[[ Exercise data open ]]

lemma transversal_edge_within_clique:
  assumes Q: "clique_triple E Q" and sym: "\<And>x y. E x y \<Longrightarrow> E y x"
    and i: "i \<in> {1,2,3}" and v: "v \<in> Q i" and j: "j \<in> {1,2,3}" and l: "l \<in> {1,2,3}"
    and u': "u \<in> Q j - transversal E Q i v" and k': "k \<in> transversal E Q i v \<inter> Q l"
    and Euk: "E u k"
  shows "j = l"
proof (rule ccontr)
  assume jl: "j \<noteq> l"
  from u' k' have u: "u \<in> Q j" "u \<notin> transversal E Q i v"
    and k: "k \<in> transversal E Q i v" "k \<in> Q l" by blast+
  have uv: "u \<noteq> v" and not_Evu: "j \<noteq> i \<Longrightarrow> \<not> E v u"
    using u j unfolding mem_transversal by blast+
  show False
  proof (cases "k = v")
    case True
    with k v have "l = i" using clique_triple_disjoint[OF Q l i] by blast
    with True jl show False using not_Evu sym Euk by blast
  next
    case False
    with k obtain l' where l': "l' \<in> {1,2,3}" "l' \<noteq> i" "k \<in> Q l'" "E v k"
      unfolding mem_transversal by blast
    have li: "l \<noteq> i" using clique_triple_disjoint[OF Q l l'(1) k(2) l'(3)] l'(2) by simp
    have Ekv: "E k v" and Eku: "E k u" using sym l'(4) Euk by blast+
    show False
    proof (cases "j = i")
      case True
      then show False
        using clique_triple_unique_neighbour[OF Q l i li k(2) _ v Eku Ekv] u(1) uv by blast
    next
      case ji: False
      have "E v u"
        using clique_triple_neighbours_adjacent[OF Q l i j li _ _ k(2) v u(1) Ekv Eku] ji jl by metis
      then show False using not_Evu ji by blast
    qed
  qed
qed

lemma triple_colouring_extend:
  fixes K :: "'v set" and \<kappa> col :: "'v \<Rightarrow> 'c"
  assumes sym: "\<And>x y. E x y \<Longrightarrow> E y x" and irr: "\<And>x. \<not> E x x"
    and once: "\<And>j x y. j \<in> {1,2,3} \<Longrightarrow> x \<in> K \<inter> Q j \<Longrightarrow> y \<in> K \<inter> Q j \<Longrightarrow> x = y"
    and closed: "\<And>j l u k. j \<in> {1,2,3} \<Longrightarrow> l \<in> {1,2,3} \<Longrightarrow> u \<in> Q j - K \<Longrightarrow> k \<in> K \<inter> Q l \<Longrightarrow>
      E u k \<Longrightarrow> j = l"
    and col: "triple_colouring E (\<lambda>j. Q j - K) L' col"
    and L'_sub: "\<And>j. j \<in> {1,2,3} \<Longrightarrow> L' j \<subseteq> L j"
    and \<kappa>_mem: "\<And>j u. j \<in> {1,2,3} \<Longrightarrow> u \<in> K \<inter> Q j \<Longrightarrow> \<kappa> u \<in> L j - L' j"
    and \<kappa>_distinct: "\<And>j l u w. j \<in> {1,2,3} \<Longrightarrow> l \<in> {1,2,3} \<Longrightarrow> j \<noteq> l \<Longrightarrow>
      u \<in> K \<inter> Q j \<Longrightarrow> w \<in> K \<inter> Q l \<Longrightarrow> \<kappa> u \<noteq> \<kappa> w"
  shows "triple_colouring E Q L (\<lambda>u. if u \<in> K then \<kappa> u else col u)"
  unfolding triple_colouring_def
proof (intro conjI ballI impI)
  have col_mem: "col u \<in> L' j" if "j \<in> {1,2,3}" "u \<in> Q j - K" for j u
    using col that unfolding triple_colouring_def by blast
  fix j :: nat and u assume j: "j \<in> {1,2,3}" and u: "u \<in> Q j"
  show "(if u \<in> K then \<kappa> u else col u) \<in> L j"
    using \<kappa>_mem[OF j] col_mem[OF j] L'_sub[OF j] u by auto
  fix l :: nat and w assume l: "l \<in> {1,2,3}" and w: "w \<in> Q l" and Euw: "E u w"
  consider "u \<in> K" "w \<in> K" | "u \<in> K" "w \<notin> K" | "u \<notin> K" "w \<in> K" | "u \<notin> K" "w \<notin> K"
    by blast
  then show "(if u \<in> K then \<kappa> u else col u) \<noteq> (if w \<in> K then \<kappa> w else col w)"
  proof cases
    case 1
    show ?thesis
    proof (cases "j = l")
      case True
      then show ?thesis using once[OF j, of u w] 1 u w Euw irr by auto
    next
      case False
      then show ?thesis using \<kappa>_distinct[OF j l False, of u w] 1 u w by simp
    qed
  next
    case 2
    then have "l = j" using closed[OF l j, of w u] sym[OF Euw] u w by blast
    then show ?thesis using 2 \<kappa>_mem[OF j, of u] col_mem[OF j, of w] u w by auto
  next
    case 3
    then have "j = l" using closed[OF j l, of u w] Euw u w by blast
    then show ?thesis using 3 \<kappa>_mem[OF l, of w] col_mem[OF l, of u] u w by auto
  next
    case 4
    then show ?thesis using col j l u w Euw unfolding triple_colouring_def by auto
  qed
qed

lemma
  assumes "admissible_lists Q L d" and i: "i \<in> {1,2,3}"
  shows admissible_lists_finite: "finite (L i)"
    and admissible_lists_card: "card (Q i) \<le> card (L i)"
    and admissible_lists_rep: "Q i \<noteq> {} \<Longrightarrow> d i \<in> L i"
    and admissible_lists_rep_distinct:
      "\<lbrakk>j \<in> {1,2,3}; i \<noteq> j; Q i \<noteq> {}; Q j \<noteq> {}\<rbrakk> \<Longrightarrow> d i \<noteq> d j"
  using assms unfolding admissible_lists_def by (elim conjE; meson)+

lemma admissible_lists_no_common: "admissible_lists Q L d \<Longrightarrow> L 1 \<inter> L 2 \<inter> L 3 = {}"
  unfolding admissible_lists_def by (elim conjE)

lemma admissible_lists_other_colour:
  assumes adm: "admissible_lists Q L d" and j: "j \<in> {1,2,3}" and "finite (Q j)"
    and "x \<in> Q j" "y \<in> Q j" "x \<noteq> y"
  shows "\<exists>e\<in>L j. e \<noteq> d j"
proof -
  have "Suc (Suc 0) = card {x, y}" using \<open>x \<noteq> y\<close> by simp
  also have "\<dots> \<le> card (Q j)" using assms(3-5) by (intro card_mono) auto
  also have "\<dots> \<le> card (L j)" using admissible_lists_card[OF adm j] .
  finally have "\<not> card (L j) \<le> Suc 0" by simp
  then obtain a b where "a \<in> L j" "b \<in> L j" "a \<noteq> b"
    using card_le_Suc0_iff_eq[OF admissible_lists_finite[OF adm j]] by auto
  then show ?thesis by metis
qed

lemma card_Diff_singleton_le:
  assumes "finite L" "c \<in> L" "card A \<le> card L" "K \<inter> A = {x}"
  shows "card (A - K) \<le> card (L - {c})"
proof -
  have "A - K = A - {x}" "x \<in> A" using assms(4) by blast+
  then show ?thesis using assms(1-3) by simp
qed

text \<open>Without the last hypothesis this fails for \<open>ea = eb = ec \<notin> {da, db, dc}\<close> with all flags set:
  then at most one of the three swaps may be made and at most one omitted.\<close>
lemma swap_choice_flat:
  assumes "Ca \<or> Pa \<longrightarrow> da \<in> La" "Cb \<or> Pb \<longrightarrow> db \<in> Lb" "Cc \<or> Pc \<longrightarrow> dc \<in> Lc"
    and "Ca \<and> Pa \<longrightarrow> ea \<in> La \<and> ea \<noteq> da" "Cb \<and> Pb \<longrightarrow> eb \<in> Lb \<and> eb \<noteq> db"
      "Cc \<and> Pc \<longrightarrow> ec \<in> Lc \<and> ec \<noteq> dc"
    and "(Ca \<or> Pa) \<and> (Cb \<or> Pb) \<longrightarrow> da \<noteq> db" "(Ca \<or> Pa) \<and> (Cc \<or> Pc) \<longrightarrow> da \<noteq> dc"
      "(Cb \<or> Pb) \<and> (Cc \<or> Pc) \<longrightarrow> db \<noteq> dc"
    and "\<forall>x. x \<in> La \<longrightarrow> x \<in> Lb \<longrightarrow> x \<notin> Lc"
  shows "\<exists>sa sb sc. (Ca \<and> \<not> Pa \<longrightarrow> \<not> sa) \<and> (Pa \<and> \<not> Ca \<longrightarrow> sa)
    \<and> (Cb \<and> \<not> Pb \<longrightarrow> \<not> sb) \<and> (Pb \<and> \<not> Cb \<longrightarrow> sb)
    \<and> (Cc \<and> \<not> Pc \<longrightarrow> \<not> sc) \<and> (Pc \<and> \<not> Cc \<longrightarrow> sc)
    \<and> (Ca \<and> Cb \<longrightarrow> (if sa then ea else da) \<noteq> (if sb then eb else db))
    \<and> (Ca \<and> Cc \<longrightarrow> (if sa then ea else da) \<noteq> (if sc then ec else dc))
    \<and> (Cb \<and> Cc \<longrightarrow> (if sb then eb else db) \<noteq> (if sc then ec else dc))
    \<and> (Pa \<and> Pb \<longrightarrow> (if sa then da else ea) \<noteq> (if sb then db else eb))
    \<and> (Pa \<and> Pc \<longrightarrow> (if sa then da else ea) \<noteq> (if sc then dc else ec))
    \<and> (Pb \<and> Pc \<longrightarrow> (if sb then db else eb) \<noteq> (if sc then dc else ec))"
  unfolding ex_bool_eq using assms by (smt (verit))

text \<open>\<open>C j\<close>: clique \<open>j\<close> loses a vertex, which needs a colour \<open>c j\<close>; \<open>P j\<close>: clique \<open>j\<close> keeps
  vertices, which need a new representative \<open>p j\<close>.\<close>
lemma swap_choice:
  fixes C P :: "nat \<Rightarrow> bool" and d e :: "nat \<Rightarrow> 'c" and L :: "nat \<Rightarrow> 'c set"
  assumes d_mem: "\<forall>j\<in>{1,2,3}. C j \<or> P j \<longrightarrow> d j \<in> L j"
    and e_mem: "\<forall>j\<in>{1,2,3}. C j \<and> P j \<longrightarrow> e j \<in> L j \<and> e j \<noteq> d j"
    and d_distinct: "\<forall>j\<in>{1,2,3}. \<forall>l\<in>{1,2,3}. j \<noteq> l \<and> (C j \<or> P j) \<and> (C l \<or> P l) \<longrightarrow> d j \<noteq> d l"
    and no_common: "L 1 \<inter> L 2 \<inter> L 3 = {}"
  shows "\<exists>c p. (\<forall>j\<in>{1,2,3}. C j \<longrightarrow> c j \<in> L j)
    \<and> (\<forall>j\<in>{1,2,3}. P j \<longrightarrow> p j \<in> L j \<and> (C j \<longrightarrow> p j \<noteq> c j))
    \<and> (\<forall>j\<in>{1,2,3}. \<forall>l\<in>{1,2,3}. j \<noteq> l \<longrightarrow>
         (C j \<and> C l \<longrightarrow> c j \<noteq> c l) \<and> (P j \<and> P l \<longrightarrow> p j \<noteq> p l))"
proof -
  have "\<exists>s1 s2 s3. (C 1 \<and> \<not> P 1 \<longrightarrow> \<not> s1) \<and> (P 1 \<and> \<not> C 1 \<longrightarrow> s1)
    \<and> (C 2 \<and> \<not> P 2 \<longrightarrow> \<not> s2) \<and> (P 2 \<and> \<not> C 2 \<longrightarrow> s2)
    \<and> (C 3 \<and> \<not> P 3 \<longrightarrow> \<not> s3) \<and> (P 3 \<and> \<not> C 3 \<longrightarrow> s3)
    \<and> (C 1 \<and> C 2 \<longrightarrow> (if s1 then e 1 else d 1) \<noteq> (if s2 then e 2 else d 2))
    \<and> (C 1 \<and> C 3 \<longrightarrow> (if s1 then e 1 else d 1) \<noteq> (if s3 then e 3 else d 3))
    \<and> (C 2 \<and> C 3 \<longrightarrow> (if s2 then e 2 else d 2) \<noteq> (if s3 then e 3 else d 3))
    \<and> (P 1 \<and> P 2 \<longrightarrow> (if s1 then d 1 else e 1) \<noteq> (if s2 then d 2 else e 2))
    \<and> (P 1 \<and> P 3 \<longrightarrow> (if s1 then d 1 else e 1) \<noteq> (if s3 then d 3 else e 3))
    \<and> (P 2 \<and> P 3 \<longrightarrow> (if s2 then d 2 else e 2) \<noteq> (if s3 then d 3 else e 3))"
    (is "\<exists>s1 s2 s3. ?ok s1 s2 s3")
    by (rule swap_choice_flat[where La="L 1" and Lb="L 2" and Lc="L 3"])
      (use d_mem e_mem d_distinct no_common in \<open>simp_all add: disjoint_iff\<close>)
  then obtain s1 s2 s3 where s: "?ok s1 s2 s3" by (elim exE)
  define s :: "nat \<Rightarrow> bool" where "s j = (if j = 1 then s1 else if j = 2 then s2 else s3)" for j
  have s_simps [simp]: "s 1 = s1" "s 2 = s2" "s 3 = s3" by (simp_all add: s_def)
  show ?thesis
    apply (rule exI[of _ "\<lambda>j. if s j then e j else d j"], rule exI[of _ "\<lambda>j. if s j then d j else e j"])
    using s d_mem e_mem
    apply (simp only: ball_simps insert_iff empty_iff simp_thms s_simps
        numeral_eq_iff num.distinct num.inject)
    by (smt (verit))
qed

[[ Exercise data closed ]]
[[ Exercise data open ]]

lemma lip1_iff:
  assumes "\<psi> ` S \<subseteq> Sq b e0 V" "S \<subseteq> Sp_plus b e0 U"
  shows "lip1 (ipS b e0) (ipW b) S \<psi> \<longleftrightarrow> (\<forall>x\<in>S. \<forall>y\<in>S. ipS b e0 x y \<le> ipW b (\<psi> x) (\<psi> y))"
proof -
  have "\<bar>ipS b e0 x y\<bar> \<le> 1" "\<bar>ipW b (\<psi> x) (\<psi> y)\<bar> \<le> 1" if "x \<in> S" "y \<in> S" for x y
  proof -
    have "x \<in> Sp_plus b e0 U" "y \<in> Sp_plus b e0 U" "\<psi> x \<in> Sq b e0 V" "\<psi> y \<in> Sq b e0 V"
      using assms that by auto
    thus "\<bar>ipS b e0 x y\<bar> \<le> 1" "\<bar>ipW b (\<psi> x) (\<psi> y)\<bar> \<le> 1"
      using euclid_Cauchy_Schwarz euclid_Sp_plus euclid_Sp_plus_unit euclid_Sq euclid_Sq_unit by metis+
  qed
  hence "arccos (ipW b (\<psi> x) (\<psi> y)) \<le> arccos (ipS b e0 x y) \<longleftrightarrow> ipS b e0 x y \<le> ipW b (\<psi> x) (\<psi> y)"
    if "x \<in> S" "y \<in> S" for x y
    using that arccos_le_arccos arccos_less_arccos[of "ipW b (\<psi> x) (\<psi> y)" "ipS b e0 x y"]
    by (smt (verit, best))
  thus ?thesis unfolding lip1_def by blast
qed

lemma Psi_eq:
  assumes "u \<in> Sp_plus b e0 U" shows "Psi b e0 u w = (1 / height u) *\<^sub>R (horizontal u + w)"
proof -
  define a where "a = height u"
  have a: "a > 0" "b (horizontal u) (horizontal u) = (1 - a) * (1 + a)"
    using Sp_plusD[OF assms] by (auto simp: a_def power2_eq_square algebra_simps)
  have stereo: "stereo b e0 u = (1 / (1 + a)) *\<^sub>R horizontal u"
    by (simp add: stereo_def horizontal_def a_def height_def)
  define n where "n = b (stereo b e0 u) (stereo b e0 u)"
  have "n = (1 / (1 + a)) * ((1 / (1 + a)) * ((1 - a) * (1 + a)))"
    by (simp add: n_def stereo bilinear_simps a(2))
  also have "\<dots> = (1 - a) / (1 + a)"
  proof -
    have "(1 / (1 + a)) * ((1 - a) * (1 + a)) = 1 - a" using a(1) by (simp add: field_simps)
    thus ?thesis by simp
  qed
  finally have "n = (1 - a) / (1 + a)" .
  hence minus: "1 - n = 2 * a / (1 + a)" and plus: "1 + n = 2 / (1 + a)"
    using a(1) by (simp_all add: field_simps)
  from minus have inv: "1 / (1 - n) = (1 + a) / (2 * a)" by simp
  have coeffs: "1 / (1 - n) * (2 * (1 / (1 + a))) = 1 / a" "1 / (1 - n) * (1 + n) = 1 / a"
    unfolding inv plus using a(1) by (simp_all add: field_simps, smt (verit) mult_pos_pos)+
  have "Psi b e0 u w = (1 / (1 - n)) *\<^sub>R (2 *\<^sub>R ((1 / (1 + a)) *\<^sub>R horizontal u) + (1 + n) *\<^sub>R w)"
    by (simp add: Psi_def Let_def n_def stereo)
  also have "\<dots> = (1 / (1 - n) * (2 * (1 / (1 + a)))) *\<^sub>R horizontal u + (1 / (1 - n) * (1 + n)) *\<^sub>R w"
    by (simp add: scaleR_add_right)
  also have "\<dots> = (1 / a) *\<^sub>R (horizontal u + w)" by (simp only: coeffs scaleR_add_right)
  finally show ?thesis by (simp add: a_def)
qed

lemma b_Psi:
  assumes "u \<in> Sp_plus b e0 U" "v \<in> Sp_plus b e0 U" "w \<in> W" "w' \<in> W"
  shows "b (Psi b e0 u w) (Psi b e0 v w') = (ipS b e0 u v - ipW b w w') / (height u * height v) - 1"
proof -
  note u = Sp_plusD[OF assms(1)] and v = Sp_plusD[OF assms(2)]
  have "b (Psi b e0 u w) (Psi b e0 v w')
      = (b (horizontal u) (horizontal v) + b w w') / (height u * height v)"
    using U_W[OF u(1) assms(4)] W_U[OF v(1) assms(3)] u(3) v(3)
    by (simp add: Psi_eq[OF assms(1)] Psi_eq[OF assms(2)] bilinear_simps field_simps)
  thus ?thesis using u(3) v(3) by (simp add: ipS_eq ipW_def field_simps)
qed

[[ Exercise data closed ]]
[[ Exercise data open ]]

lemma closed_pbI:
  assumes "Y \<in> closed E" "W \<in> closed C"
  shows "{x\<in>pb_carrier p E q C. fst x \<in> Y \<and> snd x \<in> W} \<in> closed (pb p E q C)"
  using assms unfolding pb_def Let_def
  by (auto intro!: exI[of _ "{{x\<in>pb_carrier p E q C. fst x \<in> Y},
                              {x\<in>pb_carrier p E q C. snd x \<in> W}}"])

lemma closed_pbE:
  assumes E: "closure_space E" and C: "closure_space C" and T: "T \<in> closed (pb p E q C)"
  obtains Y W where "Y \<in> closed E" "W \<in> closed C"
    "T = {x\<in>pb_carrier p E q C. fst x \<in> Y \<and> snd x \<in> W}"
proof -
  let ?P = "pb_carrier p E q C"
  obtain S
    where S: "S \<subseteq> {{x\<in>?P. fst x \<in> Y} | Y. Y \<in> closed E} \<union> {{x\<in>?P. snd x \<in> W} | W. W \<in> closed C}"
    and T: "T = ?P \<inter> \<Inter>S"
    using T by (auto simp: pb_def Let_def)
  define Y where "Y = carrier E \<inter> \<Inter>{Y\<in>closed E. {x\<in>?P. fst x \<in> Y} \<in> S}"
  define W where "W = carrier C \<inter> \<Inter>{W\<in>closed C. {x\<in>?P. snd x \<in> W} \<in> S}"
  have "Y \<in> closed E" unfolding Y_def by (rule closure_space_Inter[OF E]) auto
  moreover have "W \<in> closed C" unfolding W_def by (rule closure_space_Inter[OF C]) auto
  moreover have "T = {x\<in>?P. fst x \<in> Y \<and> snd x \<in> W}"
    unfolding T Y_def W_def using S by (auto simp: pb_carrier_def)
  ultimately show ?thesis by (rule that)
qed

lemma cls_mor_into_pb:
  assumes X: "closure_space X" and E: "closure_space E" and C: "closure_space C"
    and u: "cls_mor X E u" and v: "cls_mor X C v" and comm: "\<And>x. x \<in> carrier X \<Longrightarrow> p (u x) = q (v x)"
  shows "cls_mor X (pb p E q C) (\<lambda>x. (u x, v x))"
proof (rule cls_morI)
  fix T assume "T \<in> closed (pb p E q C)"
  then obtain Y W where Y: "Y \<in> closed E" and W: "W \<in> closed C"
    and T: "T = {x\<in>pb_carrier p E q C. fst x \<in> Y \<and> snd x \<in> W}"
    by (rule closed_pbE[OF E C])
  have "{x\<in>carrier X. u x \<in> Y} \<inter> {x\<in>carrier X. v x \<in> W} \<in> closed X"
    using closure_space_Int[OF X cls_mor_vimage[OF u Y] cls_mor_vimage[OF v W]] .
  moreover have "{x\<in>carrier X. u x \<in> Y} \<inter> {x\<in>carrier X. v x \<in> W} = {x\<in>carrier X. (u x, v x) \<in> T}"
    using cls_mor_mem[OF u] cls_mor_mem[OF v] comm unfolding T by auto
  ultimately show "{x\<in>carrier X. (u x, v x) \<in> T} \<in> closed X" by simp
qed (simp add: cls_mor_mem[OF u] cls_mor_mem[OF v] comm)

[[ Exercise data closed ]]

▶ Directions for this task
Give the exact lines, and only those, from the line containing "C. snd x \<in>" through the line containing "obtains Y W" in the entries above.

▶ Your response
                              {x\<in>pb_carrier p E q C. snd x \<in> W}}"])

lemma closed_pbE:
  assumes E: "closure_space E" and C: "closure_space C" and T: "T \<in> closed (pb p E q C)"
  obtains Y W where "Y \<in> closed E" "W \<in> closed C"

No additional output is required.